[Available data Boundary: Start]

(* Let $y_0=x_2x_0x_2^{-1}$. For every integer $n\ge1$, $x_0^n$ has one of the forms $M_0([11,11,11],[17,17,17],\dots)$, $M_0([11,11,11],[11,11,11],\dots)$, $M_{2^r-1}([26,26,26],[0,0,0],\dots)$ for some odd $r\ge1$, or $M_{2^r-1}([11,11,11],[0,0,0],\dots)$ for some even $r\ge2$; and for every $n\ge1$, $y_0^n$ has one of the forms $M_0([11,11,11],[44,219,177],\dots)$, $M_0([11,11,11],[54,193,171],\dots)$, $M_{2^r-1}([26,26,26],[0,157,106],\dots)$ for some odd $r\ge1$, or $M_{2^r-1}([11,11,11],[61,202,160],\dots)$ for some even $r\ge2$.
   Context: Consider infinite upper unitriangular block matrices $X=(X_{r,s})_{r,s\ge1}$ whose entries are $3\times3$ matrices over $\mathbb F_2$, with $X_{r,r}=I$, $X_{r,s}=0$ for $s<r$, and whose upper diagonals are $3$-periodic: for each $j\ge1$ there are $a_{j1},a_{j2},a_{j3}\in M(3,\mathbb F_2)$ with $X_{r,r+j}=a_{j,i}$, where $i\in\{1,2,3\}$, $i\equiv r\pmod 3$; $a_j=[a_{j1},a_{j2},a_{j3}]$ is the $j$-th upper diagonal. For $l\ge0$, $M_l(c_1,c_2,\dots)$ denotes such a matrix whose first $l$ upper diagonals are zero and whose $(l+1)$-st, $(l+2)$-nd, $\dots$ upper diagonals are $c_1,c_2,\dots$; diagonals hidden in "$\dots$" are unspecified, while a matrix written $M_0(c_1,\dots,c_m)$ without dots has all further diagonals zero. A matrix $u=(u_{pq})\in M(3,\mathbb F_2)$ is encoded by the integer $256u_{11}+128u_{12}+64u_{13}+32u_{21}+16u_{22}+8u_{23}+4u_{31}+2u_{32}+u_{33}$, and a diagonal by the triple of integers of its three blocks. The elements are $x_0=M_0([11,11,11],[17,17,17],[26,26,26],[11,11,0],[17,0,0])$, $x_2=M_0([46,68,217],[12,194,363],[26,326,77],[46,68,0],[12,0,0])$. *)

theory Defs
  imports "HOL-Analysis.Analysis" "HOL-Library.Z2"
begin

type_synonym blk = "bit ^ 3 ^ 3"

text \<open>Integer encoding of a block: entry u_pq is the bit of weight 2^(8 - (3(p-1)+(q-1))).
  Row/column p of the paper corresponds to the index with Rep_bit1 = p - 1.\<close>
definition enc :: "nat \<Rightarrow> blk" where
  "enc n = (\<chi> p q. if odd (n div 2 ^ (8 - (3 * nat (Rep_bit1 p) + nat (Rep_bit1 q)))) then 1 else 0)"

text \<open>Infinite block matrices. X r s is the block X_{r+1,s+1} of the paper (0-based indexing).\<close>
type_synonym imat = "nat \<Rightarrow> nat \<Rightarrow> blk"

definition periodic_ut :: "imat \<Rightarrow> bool" where
  "periodic_ut X \<longleftrightarrow> (\<forall>r. X r r = mat 1) \<and> (\<forall>r s. s < r \<longrightarrow> X r s = 0)
     \<and> (\<forall>r s. X (r + 3) (s + 3) = X r s)"

definition mident :: imat where
  "mident r s = (if r = s then mat 1 else 0)"

definition mmul :: "imat \<Rightarrow> imat \<Rightarrow> imat" where
  "mmul X Y r s = (\<Sum>t\<in>{r..s}. X r t ** Y t s)"

primrec mpow :: "imat \<Rightarrow> nat \<Rightarrow> imat" where
  "mpow X 0 = mident"
| "mpow X (Suc n) = mmul (mpow X n) X"

definition minv :: "imat \<Rightarrow> imat" where
  "minv X = (THE Y. periodic_ut Y \<and> mmul X Y = mident)"

text \<open>The j-th upper diagonal [a_{j1},a_{j2},a_{j3}]; a_{ji} = X_{i,i+j} (paper indexing).\<close>
definition diag :: "imat \<Rightarrow> nat \<Rightarrow> blk \<times> blk \<times> blk" where
  "diag X j = (X 0 j, X 1 (1 + j), X 2 (2 + j))"

definition encd :: "nat \<Rightarrow> nat \<Rightarrow> nat \<Rightarrow> blk \<times> blk \<times> blk" where
  "encd a b c = (enc a, enc b, enc c)"

text \<open>has_form l cs X: X = M_l(c_1,...,c_m,...) (further diagonals unspecified).\<close>
definition has_form :: "nat \<Rightarrow> (blk \<times> blk \<times> blk) list \<Rightarrow> imat \<Rightarrow> bool" where
  "has_form l cs X \<longleftrightarrow> periodic_ut X \<and> (\<forall>j. 1 \<le> j \<and> j \<le> l \<longrightarrow> diag X j = (0, 0, 0))
     \<and> (\<forall>k < length cs. diag X (l + 1 + k) = cs ! k)"

text \<open>M_0(c_1,...,c_m) without dots: all further diagonals zero.\<close>
definition exact_M0 :: "(blk \<times> blk \<times> blk) list \<Rightarrow> imat" where
  "exact_M0 cs = (\<lambda>r s. if s < r then 0 else if s = r then mat 1
      else if s - r \<le> length cs then
        (let d = cs ! (s - r - 1) in if r mod 3 = 0 then fst d else if r mod 3 = 1 then fst (snd d) else snd (snd d))
      else 0)"

definition x0 :: imat where
  "x0 = exact_M0 [encd 11 11 11, encd 17 17 17, encd 26 26 26, encd 11 11 0, encd 17 0 0]"

definition x2 :: imat where
  "x2 = exact_M0 [encd 46 68 217, encd 12 194 363, encd 26 326 77, encd 46 68 0, encd 12 0 0]"

definition y0 :: imat where
  "y0 = mmul (mmul x2 x0) (minv x2)"

end

theory Submission
  imports Defs
begin

(* Over F_2, (I + N)^2 = I + N^2 for every unitriangular I + N.  So if the first L - 1 upper
   diagonals of X vanish, the L-th carries a constant block A and the next one a block B
   commuting with A, then X^2 has the same shape with 2L, A^2 and 0 in place of L, A and B.
   As the blocks encoded by 11 and 26 square to each other, this determines the two leading
   diagonals of x0^(2^r); for L >= 2 and B = 0 the odd powers of X have the same two leading
   diagonals as X.  Since x0^4 is trivial on the first two diagonals, an odd power of x0 agrees
   there with x0 or with x0^3.
   Conjugation by x2 = I + P + ..., whose inverse is I + P + ... as well, keeps the leading
   diagonal A and adds P_i A + A P_(i+L) to the next one, which depends on L = 2^r only through
   2^r mod 3. *)

section \<open>Blocks\<close>

lemma forall_3_zero_based: "(\<forall>i::3. P i) \<longleftrightarrow> P 0 \<and> P 1 \<and> P 2"
proof -
  have "(3::3) = 0" by simp
  then have "(\<forall>i::3. P i) \<longleftrightarrow> P 1 \<and> P 2 \<and> P 0" using forall_3[of P] by (simp only:)
  then show ?thesis by blast
qed

lemma sum_3_zero_based: "(\<Sum>i\<in>(UNIV::3 set). f i) = f 0 + f 1 + f 2"
proof -
  have "(3::3) = 0" by simp
  then have "(\<Sum>i\<in>(UNIV::3 set). f i) = f 1 + f 2 + f 0" using sum_3[of f] by (simp only:)
  then show ?thesis by (simp add: ac_simps)
qed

[Available data Boundary: End]

■ Instructions for the task
For this exercise, repeat exactly the lines of the data above from the one with "(* Over F_2, (I" down to the one with "diagonals of x0^(2^r);", both end lines included.

■ Output of the task
(* Over F_2, (I + N)^2 = I + N^2 for every unitriangular I + N.  So if the first L - 1 upper
   diagonals of X vanish, the L-th carries a constant block A and the next one a block B
   commuting with A, then X^2 has the same shape with 2L, A^2 and 0 in place of L, A and B.
   As the blocks encoded by 11 and 26 square to each other, this determines the two leading
   diagonals of x0^(2^r); for L >= 2 and B = 0 the odd powers of X have the same two leading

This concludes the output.